[EXERCISE AIM]: All lines in the material with the string "unfolding" should be listed.

TASK INPUT START

(* Let $P=P_1\cup P_2$ be a finite set of points in the plane with $P$ generic, such that $P_1$ is contained in a disk of radius $1$ centered at a point $o$, and every point $a\in P_2$ satisfies $|oa|>3$ and lies in a fixed wedge with apex $o$ and angle $3.6^\circ$. Then $T_P$ contains exactly one edge connecting a point of $P_1$ to a point of $P_2$ (i.e., only one such edge).
   Context: A finite planar point set is generic if no three of its points are collinear and every subset has a unique Euclidean minimum spanning tree (MST); $T_P$ denotes the MST of $P$. $|uv|$ is the Euclidean distance. *)

theory Defs
  imports "HOL-Analysis.Analysis"
begin

text \<open>Points of the plane are represented as complex numbers; the Euclidean
distance is \<open>dist a b = cmod (a - b)\<close>. A graph on a vertex set S is a set of
edges, each edge an unordered pair {a,b} with a \<noteq> b, a,b \<in> S.\<close>

definition possible_edges :: "complex set \<Rightarrow> complex set set" where
  "possible_edges S = {{a, b} | a b. a \<in> S \<and> b \<in> S \<and> a \<noteq> b}"

definition edge_rel :: "complex set set \<Rightarrow> (complex \<times> complex) set" where
  "edge_rel E = {(a, b). {a, b} \<in> E}"

definition connected_graph :: "complex set \<Rightarrow> complex set set \<Rightarrow> bool" where
  "connected_graph S E \<longleftrightarrow> (\<forall>a\<in>S. \<forall>b\<in>S. (a, b) \<in> (edge_rel E)\<^sup>*)"

definition spanning_tree :: "complex set \<Rightarrow> complex set set \<Rightarrow> bool" where
  "spanning_tree S T \<longleftrightarrow> T \<subseteq> possible_edges S \<and> connected_graph S T \<and> card T = card S - 1"

definition edge_length :: "complex set \<Rightarrow> real" where
  "edge_length e = (THE d. \<exists>a b. e = {a, b} \<and> d = dist a b)"

definition weight :: "complex set set \<Rightarrow> real" where
  "weight T = (\<Sum>e\<in>T. edge_length e)"

definition is_mst :: "complex set \<Rightarrow> complex set set \<Rightarrow> bool" where
  "is_mst S T \<longleftrightarrow> spanning_tree S T \<and> (\<forall>T'. spanning_tree S T' \<longrightarrow> weight T \<le> weight T')"

definition MST :: "complex set \<Rightarrow> complex set set" where
  "MST S = (THE T. is_mst S T)"

definition generic :: "complex set \<Rightarrow> bool" where
  "generic P \<longleftrightarrow> finite P
     \<and> (\<forall>a\<in>P. \<forall>b\<in>P. \<forall>c\<in>P. a \<noteq> b \<and> a \<noteq> c \<and> b \<noteq> c \<longrightarrow> \<not> collinear {a, b, c})
     \<and> (\<forall>Q\<subseteq>P. \<exists>!T. is_mst Q T)"

end

theory Submission
  imports Defs
begin

text \<open>Suppose two edges p1a1 and p2a2 of the MST join P1 to P2, with |oa1| \<le> |oa2|.
  Since the wedge is thin and P2 is far from the disk, a1 is closer to a2 than every point of
  the unit disk: |a1a2| \<le> |oa1| \<pi>/50 + (|oa2| - |oa1|) < |oa2| - 1 \<le> |p2a2|; and
  |p1p2| \<le> 2 < |p2a2|. Deleting p2a2 from the tree leaves two parts, and whichever part a1
  lies in, a1a2 or p1p2 reconnects them more cheaply, contradicting minimality. At least one
  such edge exists because the tree is connected.\<close>

subsection \<open>Reachability\<close>

lemma edge_length_doubleton [simp]: "edge_length {a, b} = dist a b"
  unfolding edge_length_def
  by (rule the_equality) (auto simp: doubleton_eq_iff dist_commute)

lemma edge_rel_iff [simp]: "(a, b) \<in> edge_rel E \<longleftrightarrow> {a, b} \<in> E"
  by (simp add: edge_rel_def)

lemma reachable_sym:
  assumes "(a, b) \<in> (edge_rel E)\<^sup>*"
  shows "(b, a) \<in> (edge_rel E)\<^sup>*"
proof -
  have "sym (edge_rel E)"
    by (auto simp: sym_def insert_commute)
  then show ?thesis
    using assms by (meson sym_rtrancl symD)
qed

lemma reachable_mono:
  assumes "E \<subseteq> F" "(a, b) \<in> (edge_rel E)\<^sup>*"
  shows "(a, b) \<in> (edge_rel F)\<^sup>*"
proof -
  have "edge_rel E \<subseteq> edge_rel F"
    using assms(1) unfolding edge_rel_def by auto
  then show ?thesis
    using assms(2) rtrancl_mono by blast
qed

lemma reachable_insert_edge:
  assumes "(a, b) \<in> (edge_rel (insert {x, y} E))\<^sup>*"
  shows "(a, b) \<in> (edge_rel E)\<^sup>* \<or> (a, x) \<in> (edge_rel E)\<^sup>* \<or> (a, y) \<in> (edge_rel E)\<^sup>*"
  using assms
proof (induction rule: rtrancl_induct)
  case base
  then show ?case by simp
next
  case (step b c)
  show ?case
  proof (cases "{b, c} \<in> E")
    case True
    then show ?thesis
      using step.IH by (meson edge_rel_iff rtrancl.rtrancl_into_rtrancl)
  next
    case False
    then have "b = x \<or> b = y"
      using step.hyps(2) by (auto simp: doubleton_eq_iff)
    then show ?thesis
      using step.IH by auto
  qed
qed

lemma reachable_remove_edge:
  assumes "(u, z) \<in> (edge_rel T)\<^sup>*" "{u, v} \<in> T"
  shows "(u, z) \<in> (edge_rel (T - {{u, v}}))\<^sup>* \<or> (v, z) \<in> (edge_rel (T - {{u, v}}))\<^sup>*"
proof -
  have "T = insert {u, v} (T - {{u, v}})"
    using assms(2) by auto
  then have "(z, u) \<in> (edge_rel (insert {u, v} (T - {{u, v}})))\<^sup>*"
    using reachable_sym[OF assms(1)] by simp
  then show ?thesis
    using reachable_insert_edge reachable_sym by blast
qed

lemma possible_edgesD:
  assumes "{u, v} \<in> possible_edges S"
  shows "u \<in> S" "v \<in> S"
  using assms unfolding possible_edges_def by (auto simp: doubleton_eq_iff)

lemma finite_possible_edges: "finite S \<Longrightarrow> finite (possible_edges S)"
  by (rule finite_subset[of _ "Pow S"]) (auto simp: possible_edges_def)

TASK INPUT END

[ANSWER AREA]:
  unfolding edge_length_def
    using assms(1) unfolding edge_rel_def by auto
  using assms unfolding possible_edges_def by (auto simp: doubleton_eq_iff)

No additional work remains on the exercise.